Children’s services publication statement 27 April 2021

Date of publication:

The Health Information and Quality Authority (HIQA) has published an inspection report on the foster care and child protection and welfare services operated by the Child and Family Agency (Tusla) in the Dublin South West, Kildare, West Wicklow service area.

HIQA conducted a risk-based inspection of the Dublin South West, Kildare, West Wicklow service area, located in Tusla’s Dublin Mid Leinster region, between 7 to 11 December 2020. A total of 10 standards were examined to assess progress in addressing the risks to children across both the foster care and child protection and welfare services. Of the nine child protection and welfare standards assessed, one standard was compliant, two standards were substantially compliant, four standards were moderate non-compliant, and two standards were major non-compliant. The one foster care standard assessed was found to be major non-compliant. 

The service area submitted a compliance plan which outlined plans to address the risks. The inspection report and compliance plan can be found at www.hiqa.ie. The compliance plan will continue to be monitored as part of HIQA’s ongoing regulatory activity. More detail on the findings is outlined below.

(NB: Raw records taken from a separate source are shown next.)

lemma abs_power2_norm_perturbed_diff_le:
  assumes x: "x \<in> spherical_cap u nu" and x': "x' \<in> spherical_cap u nu"
  defines "y \<equiv> (M + E) *v x" and "y' \<equiv> (M + E) *v x'"
  shows "\<bar>(norm y)^2 - (norm y')^2\<bar> \<le> 4 * lam^2 * nu * norm (proj_uperp u x - proj_uperp u x')
    + 2 * theta * lam^2 * norm (x - x') + theta * lam * norm (x - x') * (norm y + norm y')"
proof -
  define D where "D = norm (x - x')"
  have Ex: "norm (E *v x) \<le> theta * lam" "norm (E *v x') \<le> theta * lam"
    using perturbation[of x] perturbation[of x'] x x' by (simp_all add: spherical_cap_def)
  have "\<bar>(norm y)^2 - (norm y')^2\<bar>
      \<le> \<bar>(norm (M *v x))^2 - (norm (M *v x'))^2\<bar> + norm (M *v x - M *v x') * norm (E *v x + E *v x')
        + norm (E *v x - E *v x') * norm (y + y')"
    using abs_norm_add_power2_diff_le[of "M *v x" "E *v x" "M *v x'" "E *v x'"]
    by (simp add: y_def y'_def matrix_vector_mult_add_rdistrib add.assoc)
  also have "\<dots> \<le> 4 * lam^2 * nu * norm (proj_uperp u x - proj_uperp u x') + (lam * D) * (2 * (theta * lam))
      + (theta * lam * D) * (norm y + norm y')"
  proof (intro add_mono mult_mono)
    show "\<bar>(norm (M *v x))^2 - (norm (M *v x'))^2\<bar> \<le> 4 * lam^2 * nu * norm (proj_uperp u x - proj_uperp u x')"
      by (rule abs_power2_norm_matrix_diff_in_spherical_cap[OF x x'])
    show "norm (M *v x - M *v x') \<le> lam * D"
      using norm_matrix_le[of "x - x'"] by (simp add: D_def matrix_vector_mult_diff_distrib)
    show "norm (E *v x + E *v x') \<le> 2 * (theta * lam)"
      using norm_triangle_ineq[of "E *v x" "E *v x'"] Ex by linarith
    show "norm (E *v x - E *v x') \<le> theta * lam * D"
      using perturbation[of "x - x'"] by (simp add: D_def matrix_vector_mult_diff_distrib)
    show "norm (y + y') \<le> norm y + norm y'"
      by (rule norm_triangle_ineq)
  qed (use lam_pos theta_pos in \<open>auto simp: D_def\<close>)
  also have "\<dots> = 4 * lam^2 * nu * norm (proj_uperp u x - proj_uperp u x')
      + 2 * theta * lam^2 * D + theta * lam * D * (norm y + norm y')"
    by (simp add: power2_eq_square mult_ac)
  finally show ?thesis
    by (simp add: D_def)
qed

text \<open>Going through the squared norms avoids a term of order L d: the squares of the norms of
  M x and M x' differ by O(lam^2 nu d), and the sum of the norms is at least 2 lam kappa.\<close>
lemma abs_norm_perturbed_diff_le:
  assumes x: "x \<in> spherical_cap u nu" and x': "x' \<in> spherical_cap u nu"
  defines "d \<equiv> norm (proj_uperp u x - proj_uperp u x')" and "D \<equiv> norm (x - x')"
  shows "\<bar>norm ((M + E) *v x) - norm ((M + E) *v x')\<bar> \<le> lam * ((2 * nu * d + theta * D) / kappa + theta * D)"
proof -
  define y y' where "y = (M + E) *v x" and "y' = (M + E) *v x'"
  define S where "S = norm y + norm y'"
  have S_ge: "2 * (lam * kappa) \<le> S"
    using norm_perturbed_ge[OF x] norm_perturbed_ge[OF x'] by (simp add: S_def y_def y'_def)
  have S_pos: "0 < S"
    using S_ge mult_pos_pos[OF lam_pos kappa_pos] by linarith
  have "(norm y)^2 - (norm y')^2 = (norm y - norm y') * S"
    by (simp add: S_def power2_eq_square algebra_simps)
  then have "\<bar>norm y - norm y'\<bar> * S = \<bar>(norm y)^2 - (norm y')^2\<bar>"
    using S_pos by (simp add: abs_mult)
  also have "\<dots> \<le> (4 * lam^2 * nu * d + 2 * theta * lam^2 * D) + theta * lam * D * S"
    using abs_power2_norm_perturbed_diff_le[OF x x'] by (simp add: y_def y'_def d_def D_def S_def)
  finally have "\<bar>norm y - norm y'\<bar> \<le> (4 * lam^2 * nu * d + 2 * theta * lam^2 * D) / S + theta * lam * D"
    using S_pos by (simp add: field_simps)
  also have "\<dots> \<le> (4 * lam^2 * nu * d + 2 * theta * lam^2 * D) / (2 * (lam * kappa)) + theta * lam * D"
    using S_ge S_pos lam_pos kappa_pos nu_nonneg theta_pos
    by (intro add_right_mono divide_left_mono) (auto simp: d_def D_def)
  also have "\<dots> = lam * ((2 * nu * d + theta * D) / kappa + theta * D)"
    using lam_pos kappa_pos by (simp add: field_simps power2_eq_square)
  finally show ?thesis
    by (simp add: y_def y'_def)
qed

lemma proj_uperp_normalized_perturbed_diff_le:
  assumes x: "x \<in> spherical_cap u nu" and x': "x' \<in> spherical_cap u nu"
  shows "norm (proj_uperp u ((1 / norm ((M + E) *v x)) *\<^sub>R ((M + E) *v x)
      - (1 / norm ((M + E) *v x')) *\<^sub>R ((M + E) *v x')))
    \<le> (L / lam * (1 + 3 * nu^2) + 3 * theta) * norm (proj_uperp u x - proj_uperp u x')"
proof -
  define d D where "d = norm (proj_uperp u x - proj_uperp u x')" and "D = norm (x - x')"
  define l R where "l = L / lam" and "R = (2 * nu * d + theta * D) / kappa + theta * D"
  have l: "0 \<le> l" "l \<le> 1"
    using L_nonneg L_le_lam lam_pos by (simp_all add: l_def)
  have dD: "0 \<le> d" "0 \<le> D" "D \<le> 106/100 * d"
    using norm_diff_in_spherical_cap[OF unit x x' nu_le] by (simp_all add: d_def D_def)
  have ratio: "norm (proj_uperp u ((M + E) *v x')) \<le> ((l * nu + theta) / kappa) * norm ((M + E) *v x')"
  proof -
    have "norm (proj_uperp u ((M + E) *v x')) \<le> ((l * nu + theta) / kappa) * (lam * kappa)"
      using norm_proj_uperp_perturbed_le[OF x'] kappa_pos by (simp add: l_def mult.commute)
    also have "\<dots> \<le> ((l * nu + theta) / kappa) * norm ((M + E) *v x')"
      using norm_perturbed_ge[OF x'] l nu_nonneg theta_pos kappa_pos by (intro mult_left_mono) auto
    finally show ?thesis .
  qed
  have "norm (proj_uperp u ((1 / norm ((M + E) *v x)) *\<^sub>R ((M + E) *v x)
      - (1 / norm ((M + E) *v x')) *\<^sub>R ((M + E) *v x')))
    \<le> (lam * (l * d + theta * D) + lam * R * ((l * nu + theta) / kappa)) / (lam * kappa)"
    using lam_pos kappa_pos norm_perturbed_ge[OF x] norm_perturbed_ge[OF x'] ratio
      norm_proj_uperp_perturbed_diff_le[of x x'] abs_norm_perturbed_diff_le[OF x x']
    by (intro norm_linear_normalized_diff_bound[OF linear_proj_uperp])
      (simp_all add: linear_diff[OF linear_proj_uperp] l_def d_def D_def R_def)
  also have "\<dots> = (lam * ((l * d + theta * D) + R * ((l * nu + theta) / kappa))) / (lam * kappa)"
    by (simp add: algebra_simps)
  also have "\<dots> = ((l * d + theta * D) + R * ((l * nu + theta) / kappa)) / kappa"
    using lam_pos by simp
  also have "\<dots> \<le> (l * (1 + 3 * nu^2) + 3 * theta) * d"
    unfolding R_def by (rule perp_contraction_arith[OF l theta_pos theta_le nu_nonneg nu_le dD kappa_def])
  finally show ?thesis
    by (simp add: l_def d_def)
qed

lemma proj_u_normalized_perturbed_diff_le:
  assumes x: "x \<in> spherical_cap u nu" and x': "x' \<in> spherical_cap u nu"
  shows "norm (proj_u u ((1 / norm ((M + E) *v x)) *\<^sub>R ((M + E) *v x)
      - (1 / norm ((M + E) *v x')) *\<^sub>R ((M + E) *v x')))
    \<le> (4 * nu + 4 * theta) * norm (proj_uperp u x - proj_uperp u x')"
proof -
  define d D where "d = norm (proj_uperp u x - proj_uperp u x')" and "D = norm (x - x')"
  define R where "R = (2 * nu * d + theta * D) / kappa + theta * D"
  have dD: "0 \<le> d" "0 \<le> D" "D \<le> 106/100 * d"
    using norm_diff_in_spherical_cap[OF unit x x' nu_le] by (simp_all add: d_def D_def)
  have "norm (proj_u u ((1 / norm ((M + E) *v x)) *\<^sub>R ((M + E) *v x)
      - (1 / norm ((M + E) *v x')) *\<^sub>R ((M + E) *v x')))
    \<le> (lam * (101/100 * nu * d + theta * D) + lam * R * 1) / (lam * kappa)"
    using lam_pos kappa_pos norm_perturbed_ge[OF x] norm_perturbed_ge[OF x'] norm_proj_u_le[OF unit]
      norm_proj_u_perturbed_diff_le[OF x x'] abs_norm_perturbed_diff_le[OF x x']
    by (intro norm_linear_normalized_diff_bound[OF linear_proj_u])
      (simp_all add: linear_diff[OF linear_proj_u] d_def D_def R_def)
  also have "\<dots> = (lam * ((101/100 * nu * d + theta * D) + R)) / (lam * kappa)"
    by (simp add: algebra_simps)
  also have "\<dots> = ((101/100 * nu * d + theta * D) + R) / kappa"
    using lam_pos by simp
  also have "\<dots> \<le> (4 * nu + 4 * theta) * d"
    unfolding R_def by (rule axial_contraction_arith[OF theta_pos theta_le nu_nonneg nu_le dD kappa_def])
  finally show ?thesis
    by (simp add: d_def)
qed

end

theorem lemma6p1:
  fixes M Q :: "real^'n^'n" and u x x' :: "real^'n"
    and lam lam2 l2 theta nu :: real
  assumes symM: "transpose M = M"
    and u_eig: "M *v u = lam *\<^sub>R u" and u_unit: "norm u = 1"
    and lam_pos: "lam > 0"
    and lam2_eig: "\<exists>v. v \<noteq> 0 \<and> u \<bullet> v = 0 \<and> M *v v = lam2 *\<^sub>R v"
    and lam2_max: "\<And>mu v. v \<noteq> 0 \<Longrightarrow> u \<bullet> v = 0 \<Longrightarrow> M *v v = mu *\<^sub>R v \<Longrightarrow> \<bar>mu\<bar> \<le> \<bar>lam2\<bar>"
    and gap: "lam > \<bar>lam2\<bar>"
    and l2_def: "l2 = \<bar>lam2\<bar> / lam"
    and theta_pos: "0 < theta"
    and theta_le: "theta \<le> (1/40) * (1 - l2) powr (3/2)"
    and Q_close: "opnorm (Q - M) \<le> theta * opnorm M"
    and nu_le: "nu \<le> 1/20"
    and x_unit: "norm x = 1" and x'_unit: "norm x' = 1"
    and x_pos: "u \<bullet> x \<ge> 0" and x'_pos: "u \<bullet> x' \<ge> 0"
    and x_near: "norm (proj_uperp u x) \<le> nu"
    and x'_near: "norm (proj_uperp u x') \<le> nu"
  shows "norm (proj_uperp u ((1 / norm (Q *v x)) *\<^sub>R (Q *v x) - (1 / norm (Q *v x')) *\<^sub>R (Q *v x')))
           \<le> (l2 * (1 + 3 * nu^2) + 3 * theta) * norm (proj_uperp u x - proj_uperp u x')
       \<and> norm (proj_u u ((1 / norm (Q *v x)) *\<^sub>R (Q *v x) - (1 / norm (Q *v x')) *\<^sub>R (Q *v x')))
           \<le> (4 * nu + 4 * theta) * norm (proj_uperp u x - proj_uperp u x')"
proof -
  interpret leading_eigenvector M u lam "\<bar>lam2\<bar>"
    using symM u_eig u_unit lam_pos gap symmetric_perp_eigen_bound[OF symM u_eig lam2_max]
    by unfold_locales auto
  have "(1 - l2) powr (3/2) \<le> 1"
    using gap lam_pos by (intro powr_le1) (auto simp: l2_def)
  then have "theta \<le> 1/40"
    using theta_le by simp
  moreover have "norm ((Q - M) *v w) \<le> theta * lam * norm w" for w
  proof -
    have "norm ((Q - M) *v w) \<le> opnorm (Q - M) * norm w"
      unfolding opnorm_def by (rule onorm[OF matrix_vector_mul_bounded_linear])
    also have "\<dots> \<le> theta * lam * norm w"
      using Q_close opnorm_le theta_pos by (intro mult_right_mono) (auto intro: order_trans mult_left_mono)
    finally show ?thesis .
  qed
  moreover have "0 \<le> nu"
    using x_near norm_ge_zero order_trans by blast
  ultimately interpret perturbed_leading_eigenvector M u lam "\<bar>lam2\<bar>" "Q - M" theta nu
    using theta_pos nu_le by unfold_locales auto
  have "x \<in> spherical_cap u nu" "x' \<in> spherical_cap u nu"
    using x_unit x'_unit x_pos x'_pos x_near x'_near by (simp_all add: spherical_cap_def)
  then show ?thesis
    using proj_uperp_normalized_perturbed_diff_le proj_u_normalized_perturbed_diff_le by (simp add: l2_def)
qed

end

Child protection and welfare

Management systems in place to review and monitor the standards of service provision in relation to cases awaiting allocation required improvement. Standard operating procedures to manage unallocated cases were not consistently implemented. This lack of consistent management oversight meant that the area could not be assured that children were receiving a timely service that was appropriate to their needs. Reviews of cases on waiting lists did not result in cases being appropriately prioritised for allocation, despite significant indicators of cumulative harm in some of the cases reviewed. The review information included on the file did not provide a specific analysis or rationale for the decisions made in relation to each case, nor did it outline what action was to be taken in each case. 

Data management practices in relation to some children’s files were poor, and relevant documents, such as case notes, had not been uploaded or completed. This impacted on the ability of managers to review casework and review all relevant information for children who were on the waiting list for child protection and welfare services.

Further improvements were required in the timeliness and quality of screening and preliminary enquiry in the service area. All concerns in relation to children were screened and directed to the appropriate service. The majority of referrals were classified appropriately. While significant improvement had been made to meet the time frames for screening and preliminary enquiries, further work was required to ensure consistency, and adhere to Tusla’s own standard business processes. The area had made improvements in the completion of notifications to An Garda Síochána. 

The quality of safety plans was inconsistent and the process for monitoring, reviewing and updating safety plans in the area required further improvement. There was no clear system in place to ensure that safety plans were being implemented by families, or to ensure that safety plans had been updated to take account of changes in family situations. 

Initial assessments completed by the service were of good quality, and children were met with and observed as part of the assessment process. There was good quality analysis of children’s needs, and the strengths and risks that existed within their network. However, they were not completed in a timely manner. 

The timeliness of initial child protection conferences required improvement. This presented a risk for the children involved, as existing safety plans and interventions were not addressing the identified risks to children or keeping children safe. The content of the child protection safety plans developed were of good quality. Review child protection conferences were comprehensive and were completed in a timely manner. 

Foster care

This inspection focused on the areas of risk identified in a previous inspection: governance and oversight of relative care assessments, and the aftercare service. 

The area had implemented a system to track the progress of assessments of relative foster carers. However, this system was not effective as it was not accurate or up to date, and there continued to be significant delays in allocating relative assessments to a social worker for completion. The reasons for the delays were not recorded. Management oversight was inadequate, with insufficient action taken when a lack of progress was evident. While there was evidence of communication with external providers regarding the progress of relative assessments that were contracted out, the process for tracking these assessments was inconsistent. 

Garda vetting of foster carers or other young people over 16 had not been updated on a number of the files reviewed, and while the area had implemented actions to address the oversight of Garda vetting, it was not effective as gaps remained on some files.

There was a dedicated and committed aftercare team and manager now in place with a clear vision for the service. The team was significantly under resourced which impacted on the quality and timeliness of the service provided. New referrals to the service could not be allocated, due to staff having unmanageable caseloads. There was a system in place to ensure that referrals to the service were received in a timely manner, and while there were arrangements in place to support young people who did not have an aftercare worker, the records of interventions, support and guidance provided was not always evident. The aftercare service had not yet fully commenced the electronic storing of files on National Child Care Information Systems (NCCIS) and paper files continued to be held for 16 to 18 year olds involved with the aftercare service. This was identified as an area for action in the service improvement plan. 

There were plans to develop the aftercare service further, which involved the recruitment of additional staff. The aftercare manager was developing a system to ensure improved oversight of aftercare services by an external provider, and the auditing of files was due to commence in January 2021.